▶ Prompt: The answer must consist of every line from the data that holds "cong".

▶ Material shown:
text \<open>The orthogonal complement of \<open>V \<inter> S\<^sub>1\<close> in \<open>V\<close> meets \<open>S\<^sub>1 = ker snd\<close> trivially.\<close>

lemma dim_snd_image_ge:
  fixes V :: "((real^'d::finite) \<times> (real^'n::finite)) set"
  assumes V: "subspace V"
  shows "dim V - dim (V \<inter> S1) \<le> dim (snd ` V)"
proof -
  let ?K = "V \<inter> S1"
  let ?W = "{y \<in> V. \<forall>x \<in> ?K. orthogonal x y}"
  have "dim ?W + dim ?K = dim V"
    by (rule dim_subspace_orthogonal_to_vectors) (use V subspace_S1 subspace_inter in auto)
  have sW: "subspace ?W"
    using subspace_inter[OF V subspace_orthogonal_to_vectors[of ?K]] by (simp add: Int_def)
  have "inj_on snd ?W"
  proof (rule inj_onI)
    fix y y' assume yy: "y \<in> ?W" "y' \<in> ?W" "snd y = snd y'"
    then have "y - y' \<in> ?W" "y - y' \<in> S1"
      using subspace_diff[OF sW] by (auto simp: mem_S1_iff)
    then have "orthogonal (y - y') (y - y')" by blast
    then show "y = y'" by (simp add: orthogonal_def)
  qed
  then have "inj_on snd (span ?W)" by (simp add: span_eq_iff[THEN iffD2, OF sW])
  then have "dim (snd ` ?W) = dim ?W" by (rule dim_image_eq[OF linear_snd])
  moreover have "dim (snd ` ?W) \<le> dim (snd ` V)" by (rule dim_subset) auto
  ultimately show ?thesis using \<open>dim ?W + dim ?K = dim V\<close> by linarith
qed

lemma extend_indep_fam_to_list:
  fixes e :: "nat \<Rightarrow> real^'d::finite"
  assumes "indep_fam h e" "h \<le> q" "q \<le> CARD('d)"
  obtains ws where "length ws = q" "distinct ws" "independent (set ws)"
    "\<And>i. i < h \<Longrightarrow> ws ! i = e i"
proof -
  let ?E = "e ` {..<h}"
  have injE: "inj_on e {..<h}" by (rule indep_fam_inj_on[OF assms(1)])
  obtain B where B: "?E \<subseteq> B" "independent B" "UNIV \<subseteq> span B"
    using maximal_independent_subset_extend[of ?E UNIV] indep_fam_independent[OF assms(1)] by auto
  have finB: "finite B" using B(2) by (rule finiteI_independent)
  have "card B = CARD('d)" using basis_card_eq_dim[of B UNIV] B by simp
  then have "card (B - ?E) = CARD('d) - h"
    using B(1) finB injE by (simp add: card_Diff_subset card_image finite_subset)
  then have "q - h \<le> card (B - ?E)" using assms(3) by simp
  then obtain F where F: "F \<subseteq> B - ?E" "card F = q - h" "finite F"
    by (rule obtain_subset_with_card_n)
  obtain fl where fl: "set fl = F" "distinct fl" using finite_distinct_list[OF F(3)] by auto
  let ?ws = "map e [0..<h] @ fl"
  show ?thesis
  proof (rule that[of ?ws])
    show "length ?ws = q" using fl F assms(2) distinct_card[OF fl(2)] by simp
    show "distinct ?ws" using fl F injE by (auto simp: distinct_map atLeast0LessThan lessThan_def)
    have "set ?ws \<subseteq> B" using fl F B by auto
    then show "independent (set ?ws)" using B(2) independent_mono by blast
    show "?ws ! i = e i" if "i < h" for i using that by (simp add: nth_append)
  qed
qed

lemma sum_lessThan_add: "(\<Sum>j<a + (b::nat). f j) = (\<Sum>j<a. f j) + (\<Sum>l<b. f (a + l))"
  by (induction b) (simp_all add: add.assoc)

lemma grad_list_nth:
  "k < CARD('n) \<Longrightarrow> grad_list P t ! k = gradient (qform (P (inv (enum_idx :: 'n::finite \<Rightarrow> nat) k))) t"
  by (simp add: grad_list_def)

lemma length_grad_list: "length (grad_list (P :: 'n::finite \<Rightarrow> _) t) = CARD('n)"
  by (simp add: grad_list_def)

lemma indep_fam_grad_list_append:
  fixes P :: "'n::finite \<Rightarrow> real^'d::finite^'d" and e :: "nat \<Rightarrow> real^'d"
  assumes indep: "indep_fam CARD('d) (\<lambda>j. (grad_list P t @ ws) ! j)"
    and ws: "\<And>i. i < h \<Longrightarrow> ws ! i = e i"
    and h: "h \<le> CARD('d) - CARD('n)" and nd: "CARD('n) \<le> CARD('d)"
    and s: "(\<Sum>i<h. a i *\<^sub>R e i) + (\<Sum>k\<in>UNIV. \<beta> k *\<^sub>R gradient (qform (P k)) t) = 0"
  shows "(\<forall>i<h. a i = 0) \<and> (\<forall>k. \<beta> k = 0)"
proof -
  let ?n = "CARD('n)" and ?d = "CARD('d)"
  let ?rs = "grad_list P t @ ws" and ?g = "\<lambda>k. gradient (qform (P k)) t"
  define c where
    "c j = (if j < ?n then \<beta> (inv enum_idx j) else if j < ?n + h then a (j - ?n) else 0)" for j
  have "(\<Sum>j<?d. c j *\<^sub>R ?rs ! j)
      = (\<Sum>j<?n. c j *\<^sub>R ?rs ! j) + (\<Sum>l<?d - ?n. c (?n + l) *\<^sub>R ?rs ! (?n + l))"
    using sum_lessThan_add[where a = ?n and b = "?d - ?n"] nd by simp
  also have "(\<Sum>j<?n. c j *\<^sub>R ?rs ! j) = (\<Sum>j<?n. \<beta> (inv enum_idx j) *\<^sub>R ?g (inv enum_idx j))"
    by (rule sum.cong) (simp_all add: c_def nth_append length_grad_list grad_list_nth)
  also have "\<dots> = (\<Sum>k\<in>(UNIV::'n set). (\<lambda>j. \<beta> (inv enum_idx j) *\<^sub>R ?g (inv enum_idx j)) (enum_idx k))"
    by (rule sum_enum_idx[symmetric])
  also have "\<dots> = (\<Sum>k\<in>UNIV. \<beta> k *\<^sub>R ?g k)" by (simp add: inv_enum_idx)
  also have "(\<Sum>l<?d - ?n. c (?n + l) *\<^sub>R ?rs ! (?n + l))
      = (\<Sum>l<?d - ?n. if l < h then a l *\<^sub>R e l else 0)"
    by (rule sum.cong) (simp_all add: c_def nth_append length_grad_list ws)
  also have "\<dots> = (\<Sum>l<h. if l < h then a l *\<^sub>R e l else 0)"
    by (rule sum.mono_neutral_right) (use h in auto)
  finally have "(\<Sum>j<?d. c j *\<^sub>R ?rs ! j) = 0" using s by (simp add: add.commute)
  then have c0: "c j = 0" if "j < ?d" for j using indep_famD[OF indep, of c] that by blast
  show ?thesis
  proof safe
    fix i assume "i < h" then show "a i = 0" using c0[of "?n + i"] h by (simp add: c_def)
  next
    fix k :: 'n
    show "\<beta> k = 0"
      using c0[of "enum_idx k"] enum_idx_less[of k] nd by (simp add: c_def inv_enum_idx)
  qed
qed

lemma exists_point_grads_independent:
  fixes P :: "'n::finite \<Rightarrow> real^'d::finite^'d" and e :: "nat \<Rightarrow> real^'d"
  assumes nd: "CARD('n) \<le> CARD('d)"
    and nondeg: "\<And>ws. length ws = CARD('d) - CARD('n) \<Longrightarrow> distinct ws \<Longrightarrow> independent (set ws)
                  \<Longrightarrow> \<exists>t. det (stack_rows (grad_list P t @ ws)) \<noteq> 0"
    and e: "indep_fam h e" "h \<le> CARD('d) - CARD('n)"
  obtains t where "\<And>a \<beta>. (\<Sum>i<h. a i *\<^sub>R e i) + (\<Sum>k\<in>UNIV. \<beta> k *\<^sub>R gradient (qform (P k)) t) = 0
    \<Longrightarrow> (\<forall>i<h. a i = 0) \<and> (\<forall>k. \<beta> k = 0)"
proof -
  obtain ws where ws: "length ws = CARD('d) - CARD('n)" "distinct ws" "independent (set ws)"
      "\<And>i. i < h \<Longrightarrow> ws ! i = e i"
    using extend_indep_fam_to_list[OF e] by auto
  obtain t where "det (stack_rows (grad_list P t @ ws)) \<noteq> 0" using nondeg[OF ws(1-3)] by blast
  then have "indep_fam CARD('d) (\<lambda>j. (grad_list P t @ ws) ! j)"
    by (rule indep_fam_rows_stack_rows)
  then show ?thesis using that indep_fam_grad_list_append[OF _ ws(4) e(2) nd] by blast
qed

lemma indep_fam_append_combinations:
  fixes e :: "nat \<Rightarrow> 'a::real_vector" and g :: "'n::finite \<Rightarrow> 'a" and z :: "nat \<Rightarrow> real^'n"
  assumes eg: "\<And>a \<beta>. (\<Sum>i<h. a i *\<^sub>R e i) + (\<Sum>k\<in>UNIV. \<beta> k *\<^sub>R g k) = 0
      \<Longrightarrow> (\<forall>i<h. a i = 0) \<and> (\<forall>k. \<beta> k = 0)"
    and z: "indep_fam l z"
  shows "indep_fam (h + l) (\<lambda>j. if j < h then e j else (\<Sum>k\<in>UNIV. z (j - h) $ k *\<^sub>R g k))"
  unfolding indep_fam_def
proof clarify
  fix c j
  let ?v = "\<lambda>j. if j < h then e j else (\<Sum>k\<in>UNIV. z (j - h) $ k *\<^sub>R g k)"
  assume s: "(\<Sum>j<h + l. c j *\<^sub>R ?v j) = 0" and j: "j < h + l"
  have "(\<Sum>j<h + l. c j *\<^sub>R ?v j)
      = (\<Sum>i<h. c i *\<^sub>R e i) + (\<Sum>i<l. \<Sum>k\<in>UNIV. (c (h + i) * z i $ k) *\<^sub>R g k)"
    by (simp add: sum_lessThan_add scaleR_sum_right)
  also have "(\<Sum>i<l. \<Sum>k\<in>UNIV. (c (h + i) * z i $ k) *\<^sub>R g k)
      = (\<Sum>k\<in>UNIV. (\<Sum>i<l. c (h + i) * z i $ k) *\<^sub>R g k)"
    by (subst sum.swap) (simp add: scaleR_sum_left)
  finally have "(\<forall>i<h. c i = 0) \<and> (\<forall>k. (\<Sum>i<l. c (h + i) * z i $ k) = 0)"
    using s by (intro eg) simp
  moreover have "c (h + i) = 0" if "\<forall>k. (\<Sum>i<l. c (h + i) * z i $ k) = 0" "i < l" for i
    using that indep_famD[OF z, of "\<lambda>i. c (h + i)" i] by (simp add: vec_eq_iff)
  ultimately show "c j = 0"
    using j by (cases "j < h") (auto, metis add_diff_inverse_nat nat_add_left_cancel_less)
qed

▶ Problem solution:
    by (rule sum.cong) (simp_all add: c_def nth_append length_grad_list grad_list_nth)
    by (rule sum.cong) (simp_all add: c_def nth_append length_grad_list ws)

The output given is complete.